**EXERCISE GOAL**. Throughout the listing that follows, find each line with the word "also" and copy it.

**PROVIDED MATERIAL**.
_ _ _ _ _

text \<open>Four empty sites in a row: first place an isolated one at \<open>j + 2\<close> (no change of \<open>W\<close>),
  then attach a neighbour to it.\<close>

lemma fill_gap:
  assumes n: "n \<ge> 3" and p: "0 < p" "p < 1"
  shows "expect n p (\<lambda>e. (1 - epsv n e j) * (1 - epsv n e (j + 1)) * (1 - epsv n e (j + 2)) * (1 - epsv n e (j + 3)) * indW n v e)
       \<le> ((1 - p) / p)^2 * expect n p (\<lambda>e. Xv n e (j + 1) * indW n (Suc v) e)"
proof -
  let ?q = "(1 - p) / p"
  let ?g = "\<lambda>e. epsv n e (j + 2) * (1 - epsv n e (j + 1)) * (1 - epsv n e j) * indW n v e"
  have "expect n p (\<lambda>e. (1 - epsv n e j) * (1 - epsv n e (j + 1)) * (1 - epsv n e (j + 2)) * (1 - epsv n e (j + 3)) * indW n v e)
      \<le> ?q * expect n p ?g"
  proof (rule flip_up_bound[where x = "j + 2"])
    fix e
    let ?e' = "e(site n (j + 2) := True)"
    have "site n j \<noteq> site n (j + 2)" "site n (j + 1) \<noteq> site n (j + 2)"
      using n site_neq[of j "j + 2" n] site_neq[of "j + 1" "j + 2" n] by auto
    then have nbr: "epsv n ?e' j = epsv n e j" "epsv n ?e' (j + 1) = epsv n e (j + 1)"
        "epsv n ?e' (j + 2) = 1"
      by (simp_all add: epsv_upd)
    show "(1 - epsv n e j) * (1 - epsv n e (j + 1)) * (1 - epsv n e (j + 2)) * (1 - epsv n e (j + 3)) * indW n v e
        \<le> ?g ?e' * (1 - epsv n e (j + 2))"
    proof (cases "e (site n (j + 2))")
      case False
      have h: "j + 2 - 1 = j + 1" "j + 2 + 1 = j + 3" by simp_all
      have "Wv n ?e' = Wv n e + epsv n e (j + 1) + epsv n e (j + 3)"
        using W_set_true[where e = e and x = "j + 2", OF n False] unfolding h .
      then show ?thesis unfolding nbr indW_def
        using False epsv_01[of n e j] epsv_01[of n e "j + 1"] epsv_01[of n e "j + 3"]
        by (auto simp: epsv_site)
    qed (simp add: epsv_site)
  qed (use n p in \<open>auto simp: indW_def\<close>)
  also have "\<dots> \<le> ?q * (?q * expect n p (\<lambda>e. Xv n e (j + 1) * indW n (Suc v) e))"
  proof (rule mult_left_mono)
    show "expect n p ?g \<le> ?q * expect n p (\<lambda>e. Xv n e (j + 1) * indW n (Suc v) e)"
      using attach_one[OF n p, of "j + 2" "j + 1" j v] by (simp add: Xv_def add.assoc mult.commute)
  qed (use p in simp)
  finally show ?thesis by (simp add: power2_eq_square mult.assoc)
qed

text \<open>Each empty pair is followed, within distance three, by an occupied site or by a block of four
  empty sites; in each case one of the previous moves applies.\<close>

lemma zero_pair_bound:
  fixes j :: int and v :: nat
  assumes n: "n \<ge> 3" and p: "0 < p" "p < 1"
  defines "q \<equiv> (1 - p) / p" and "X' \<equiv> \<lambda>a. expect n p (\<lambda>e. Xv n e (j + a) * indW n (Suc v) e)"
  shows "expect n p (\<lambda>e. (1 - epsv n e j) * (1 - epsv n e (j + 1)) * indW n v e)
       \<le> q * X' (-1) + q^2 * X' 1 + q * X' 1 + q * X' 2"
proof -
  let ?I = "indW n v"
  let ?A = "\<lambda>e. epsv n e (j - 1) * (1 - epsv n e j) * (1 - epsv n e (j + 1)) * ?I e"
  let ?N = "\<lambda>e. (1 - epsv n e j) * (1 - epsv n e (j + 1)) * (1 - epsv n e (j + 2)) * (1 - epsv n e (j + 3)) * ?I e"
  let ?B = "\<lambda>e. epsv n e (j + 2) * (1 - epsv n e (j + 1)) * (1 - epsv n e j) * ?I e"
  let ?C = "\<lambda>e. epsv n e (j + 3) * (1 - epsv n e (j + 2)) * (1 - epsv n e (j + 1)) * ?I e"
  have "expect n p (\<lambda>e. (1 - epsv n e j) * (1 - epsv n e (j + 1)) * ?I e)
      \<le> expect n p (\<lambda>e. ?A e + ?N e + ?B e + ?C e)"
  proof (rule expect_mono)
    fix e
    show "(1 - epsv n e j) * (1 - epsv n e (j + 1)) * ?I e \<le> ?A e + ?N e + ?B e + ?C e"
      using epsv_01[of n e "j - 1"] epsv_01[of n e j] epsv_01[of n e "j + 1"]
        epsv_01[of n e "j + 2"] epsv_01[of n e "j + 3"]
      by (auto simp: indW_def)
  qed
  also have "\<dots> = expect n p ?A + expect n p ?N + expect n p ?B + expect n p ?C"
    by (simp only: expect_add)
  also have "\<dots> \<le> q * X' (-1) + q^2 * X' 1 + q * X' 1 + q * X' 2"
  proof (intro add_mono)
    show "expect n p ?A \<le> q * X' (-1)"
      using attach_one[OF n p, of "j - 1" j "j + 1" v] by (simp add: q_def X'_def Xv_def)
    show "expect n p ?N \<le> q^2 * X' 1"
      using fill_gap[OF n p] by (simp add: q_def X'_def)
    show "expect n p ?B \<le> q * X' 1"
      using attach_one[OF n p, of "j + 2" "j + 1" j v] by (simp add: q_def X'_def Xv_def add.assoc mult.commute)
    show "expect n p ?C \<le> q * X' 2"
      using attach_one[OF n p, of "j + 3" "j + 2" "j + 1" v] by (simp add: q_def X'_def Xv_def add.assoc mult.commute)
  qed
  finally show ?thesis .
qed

_ _ _ _ _

**RESULT OF THIS TASK**.
  also have "\<dots> \<le> ?q * (?q * expect n p (\<lambda>e. Xv n e (j + 1) * indW n (Suc v) e))"
  also have "\<dots> = expect n p ?A + expect n p ?N + expect n p ?B + expect n p ?C"
  also have "\<dots> \<le> q * X' (-1) + q^2 * X' 1 + q * X' 1 + q * X' 2"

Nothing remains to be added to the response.